Bridge, Town Parks, Co. Tipperary
Co. Tipperary |
Bridges & Crossings
Along the River Suir, a large rectangular recess built into the parapet of an old stone bridge goes by the name of Nailers House.
It is one of several pedestrian refuges worked into the fabric of this crossing between Carrick-on-Suir and Carrickbeg, where the triangular cutwaters on the upriver face have been extended upward to offer shelter to anyone stepping aside from passing traffic. The arrangement is quietly ingenious, and it points to a structure that has been adapted and added to over a very long span of time.

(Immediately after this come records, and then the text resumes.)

(* Consider the data-selling model described in the context, with network $G$ on $n$ buyers, and assume $z_0<\frac{1}{2\sqrt{\gamma}}\cdot\frac{n+1}{2n+1}$. Let $m=\alpha(G)$, and let $C$ and $C'$ be optimal contracts. (Their target sets $M(C),M(C')$ are maximum independent sets of size $m$, and both have common precision $z=\sqrt{m/\gamma}-z_0$.) Let $k(C)=(m_1,\dots,m_{n-m})$ be the values $m_i=|N_i\cap M(C)|$ for $i\in N\setminus M(C)$, arranged in non-increasing order. Define $k(C')=(m'_1,\dots,m'_{n-m})$ in the same way. Then $w(z_0,G,M(C))\ge w(z_0,G,M(C'))$ if either of the following holds: (i) $k(C)\ge k(C')$ componentwise; (ii) $\sum_{i=1}^{n-m}m_i=\sum_{i=1}^{n-m}m'_i$, and $k(C)$ dominates $k(C')$ in the second-order stochastic dominance sense (that is, the uniform distribution on the entries of $k(C)$ second-order stochastically dominates the uniform distribution on the entries of $k(C')$).
   Context: Model. There is a finite set of buyers $N=\{1,\dots,n\}$ and an undirected network $G$ on $N$: for $i\neq j$, $g_{ij}=g_{ji}\in\{0,1\}$, with $g_{ij}=1$ iff $i$ and $j$ are linked. $N_i=\{j\neq i:g_{ij}=1\}$ is the set of neighbors of $i$. A state $\theta\sim N(0,1/z_0)$ with $z_0>0$ is unknown to all. A contract $C$ of the seller consists of a target set $M(C)\subseteq N$, a common precision $z>0$, and prices $p_i\ge0$ for $i\in M(C)$. Each $i\in M(C)$ receives a signal $s_i=\theta+\varepsilon_i$, with $\varepsilon_i\sim N(0,1/z)$ independent. Each buyer observes the signals of his neighbors in $M(C)$ (and his own if he is in $M(C)$) and then chooses $a_i$ to maximize $E[-(a_i-\theta)^2]$. With $m_i=|N_i\cap M(C)|$, buyer $i\in M(C)$ gets expected payoff $-\frac{1}{z_0+(m_i+1)z}-p_i$, and buyer $i\notin M(C)$ gets $-\frac{1}{z_0+m_iz}$. Buyer $i\in M(C)$ accepts iff $p_i\le \frac{1}{z_0+m_iz}-\frac{1}{z_0+(m_i+1)z}$. A contract is feasible if every $i\in M(C)$ accepts. The seller's profit is $\pi(C)=\sum_{i\in M(C)}p_i-\gamma z$ with $\gamma>0$. An optimal contract is a feasible contract maximizing $\pi$. A maximum independent set is a largest set of pairwise unlinked buyers, and $\alpha(G)$ is its size. At an optimal contract (with prices $p_i=\frac1{z_0}-\sqrt{\gamma/m}$ and $z=\sqrt{m/\gamma}-z_0$), the consumer welfare (the sum of buyers' expected payoffs) is $$w(z_0,G,M(C))=-\sum_{i\in M(C)}\frac{1}{z_0}-\sum_{i\in N\setminus M(C)}\frac{1}{z_0+m_i\left(\sqrt{m/\gamma}-z_0\right)}.$$ *)

theory Defs
  imports "HOL-Analysis.Analysis" "HOL-Library.Multiset"
begin
lemma integrable_mult_cnj:
  assumes "square_integrable M f" "square_integrable M g"
  shows "integrable M (\<lambda>x. f x * cnj (g x))"
proof -
  have [measurable]: "f \<in> borel_measurable M" "g \<in> borel_measurable M"
    using assms by (auto simp: square_integrable_def)
  have "integrable M (\<lambda>x. (cmod (f x))\<^sup>2 + (cmod (g x))\<^sup>2)"
    using assms by (auto simp: square_integrable_def)
  then show ?thesis
  proof (rule Bochner_Integration.integrable_bound)
    show "AE x in M. norm (f x * cnj (g x)) \<le> norm ((cmod (f x))\<^sup>2 + (cmod (g x))\<^sup>2)"
    proof (intro AE_I2)
      fix x
      have "2 * cmod (f x) * cmod (g x) \<le> (cmod (f x))\<^sup>2 + (cmod (g x))\<^sup>2"
        by (rule sum_squares_bound)
      moreover have "0 \<le> cmod (f x) * cmod (g x)" by simp
      ultimately show "norm (f x * cnj (g x)) \<le> norm ((cmod (f x))\<^sup>2 + (cmod (g x))\<^sup>2)"
        by (simp add: norm_mult, linarith)
    qed
  qed measurable
qed

lemma integral_mult_cnj_self: "(LINT x|M. f x * cnj (f x)) = of_real (LINT x|M. (cmod (f x))\<^sup>2)"
proof -
  have "(\<lambda>x. f x * cnj (f x)) = (\<lambda>x. of_real ((cmod (f x))\<^sup>2))"
    by (simp only: complex_norm_square)
  then show ?thesis by (simp only: integral_complex_of_real)
qed

lemma integral_norm_diff_squared:
  assumes "integrable M (\<lambda>x. f x * cnj (f x))" "integrable M (\<lambda>x. f x * cnj (g x))"
    "integrable M (\<lambda>x. g x * cnj (g x))"
  shows "of_real (LINT x|M. (cmod (f x - g x))\<^sup>2) = of_real (LINT x|M. (cmod (f x))\<^sup>2)
    - (LINT x|M. f x * cnj (g x)) - cnj (LINT x|M. f x * cnj (g x)) + of_real (LINT x|M. (cmod (g x))\<^sup>2)"
proof -
  have "(\<lambda>x. (f x - g x) * cnj (f x - g x))
      = (\<lambda>x. f x * cnj (f x) - f x * cnj (g x) - cnj (f x * cnj (g x)) + g x * cnj (g x))"
    by (simp add: algebra_simps)
  then have "(LINT x|M. (f x - g x) * cnj (f x - g x)) = (LINT x|M. f x * cnj (f x))
      - (LINT x|M. f x * cnj (g x)) - cnj (LINT x|M. f x * cnj (g x)) + (LINT x|M. g x * cnj (g x))"
    using assms by (simp del: complex_cnj_mult)
  then show ?thesis by (simp only: integral_mult_cnj_self)
qed

text \<open>Expand \<open>0 \<le> \<parallel>f - s\<parallel>\<^sup>2\<close>, where \<open>s\<close> is the orthogonal projection of \<open>f\<close> onto the span
  of the family.\<close>
lemma bessel_inequality:
  fixes e :: "'i \<Rightarrow> 'a \<Rightarrow> complex"
  assumes "finite F" and f: "square_integrable M f"
    and e: "\<And>k. k \<in> F \<Longrightarrow> square_integrable M (e k)"
    and orth: "\<And>j k. j \<in> F \<Longrightarrow> k \<in> F \<Longrightarrow> (LINT x|M. e j x * cnj (e k x)) = (if j = k then 1 else 0)"
  shows "(\<Sum>k\<in>F. (cmod (LINT x|M. f x * cnj (e k x)))\<^sup>2) \<le> (LINT x|M. (cmod (f x))\<^sup>2)"
proof -
  define c where "c k = (LINT x|M. f x * cnj (e k x))" for k
  define P where "P = (\<Sum>k\<in>F. (cmod (c k))\<^sup>2)"
  define s where "s x = (\<Sum>k\<in>F. c k * e k x)" for x
  have int_fe: "integrable M (\<lambda>x. f x * cnj (e k x))" if "k \<in> F" for k
    by (intro integrable_mult_cnj f e that)
  have int_ee: "integrable M (\<lambda>x. e j x * cnj (e k x))" if "j \<in> F" "k \<in> F" for j k
    using e that by (intro integrable_mult_cnj)
  have fs: "(\<lambda>x. f x * cnj (s x)) = (\<lambda>x. \<Sum>k\<in>F. cnj (c k) * (f x * cnj (e k x)))"
    by (auto simp: s_def sum_distrib_left mult_ac)
  have ss: "(\<lambda>x. s x * cnj (s x)) = (\<lambda>x. \<Sum>k\<in>F. \<Sum>j\<in>F. c j * cnj (c k) * (e j x * cnj (e k x)))"
    by (simp add: s_def sum_distrib_left sum_distrib_right mult_ac)
  have "(LINT x|M. f x * cnj (s x)) = of_real P"
    unfolding fs P_def using int_fe
    by (simp add: c_def[symmetric] mult.commute[of "cnj _"] flip: complex_norm_square)
  moreover have "of_real (LINT x|M. (cmod (s x))\<^sup>2) = (of_real P :: complex)"
  proof -
    have "of_real (LINT x|M. (cmod (s x))\<^sup>2)
        = (\<Sum>k\<in>F. \<Sum>j\<in>F. c j * cnj (c k) * (if j = k then 1 else 0))"
      unfolding integral_mult_cnj_self[symmetric] ss using int_ee by (simp add: orth)
    also have "\<dots> = of_real P"
      using \<open>finite F\<close> by (simp add: if_distrib sum.delta' cong: if_cong)
        (simp only: P_def of_real_sum complex_norm_square)
    finally show ?thesis .
  qed
  moreover have "integrable M (\<lambda>x. f x * cnj (s x))" "integrable M (\<lambda>x. s x * cnj (s x))"
    unfolding fs ss using int_fe int_ee by simp_all
  ultimately have "of_real (LINT x|M. (cmod (f x - s x))\<^sup>2) = (of_real ((LINT x|M. (cmod (f x))\<^sup>2) - P) :: complex)"
    using integral_norm_diff_squared[OF integrable_mult_cnj[OF f f], of s] by simp
  then have "(LINT x|M. (cmod (f x - s x))\<^sup>2) = (LINT x|M. (cmod (f x))\<^sup>2) - P"
    using of_real_eq_iff by blast
  moreover have "0 \<le> (LINT x|M. (cmod (f x - s x))\<^sup>2)" by simp
  ultimately show ?thesis by (simp add: P_def c_def)
qed

section \<open>Fourier coefficients on \<open>[0,1]\<close>\<close>

abbreviation lborel_01 :: "real measure" where
  "lborel_01 \<equiv> restrict_space lborel {0..1}"

lemma L2_01_imp_square_integrable:
  assumes "L2_01 f"
  shows "square_integrable lborel_01 f"
proof -
  have [measurable]: "f \<in> borel_measurable lborel" using assms by (simp add: L2_01_def)
  have "(\<integral>\<^sup>+t. ennreal (norm ((cmod (f t))\<^sup>2)) \<partial>lborel_01) < \<infinity>"
    using assms by (simp add: L2_01_def nn_integral_restrict_space)
  then show ?thesis
    unfolding square_integrable_def integrable_iff_bounded
    by (auto intro: measurable_restrict_space1)
qed

lemma set_nn_integral_01_eq_integral:
  assumes "square_integrable lborel_01 f"
  shows "(\<integral>\<^sup>+t\<in>{0..1}. ennreal ((cmod (f t))\<^sup>2) \<partial>lborel) = ennreal (LINT t|lborel_01. (cmod (f t))\<^sup>2)"
  using assms unfolding square_integrable_def
  by (simp add: nn_integral_restrict_space[symmetric] nn_integral_eq_integral)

The bridge's origins reach back at least as far as the mid-fourteenth century. Pontage grants, which were tolls levied specifically to fund bridge construction and repair, were recorded between 1343 and 1356, and some elements of the existing structure may survive from that period. The eight-arch span stretching 91.4 metres across the Suir has been dated by some scholars to 1447, though others place its construction in the sixteenth century, and the question has not been fully resolved. What is clear is that the bridge was already established enough to appear on the Down Survey map of 1656, one of the earliest systematic cartographic records of Irish land. The southernmost arch complicates the picture further: it was widened in the late eighteenth or early nineteenth century to more than double its original span, reaching 15.2 metres against the standard 6-metre width of the other arches. An excavation in 2001 uncovered an additional arch whose date, assessed from its form, may be either fifteenth- or seventeenth-century, adding another unresolved layer to a bridge that resists any single, clean chronology.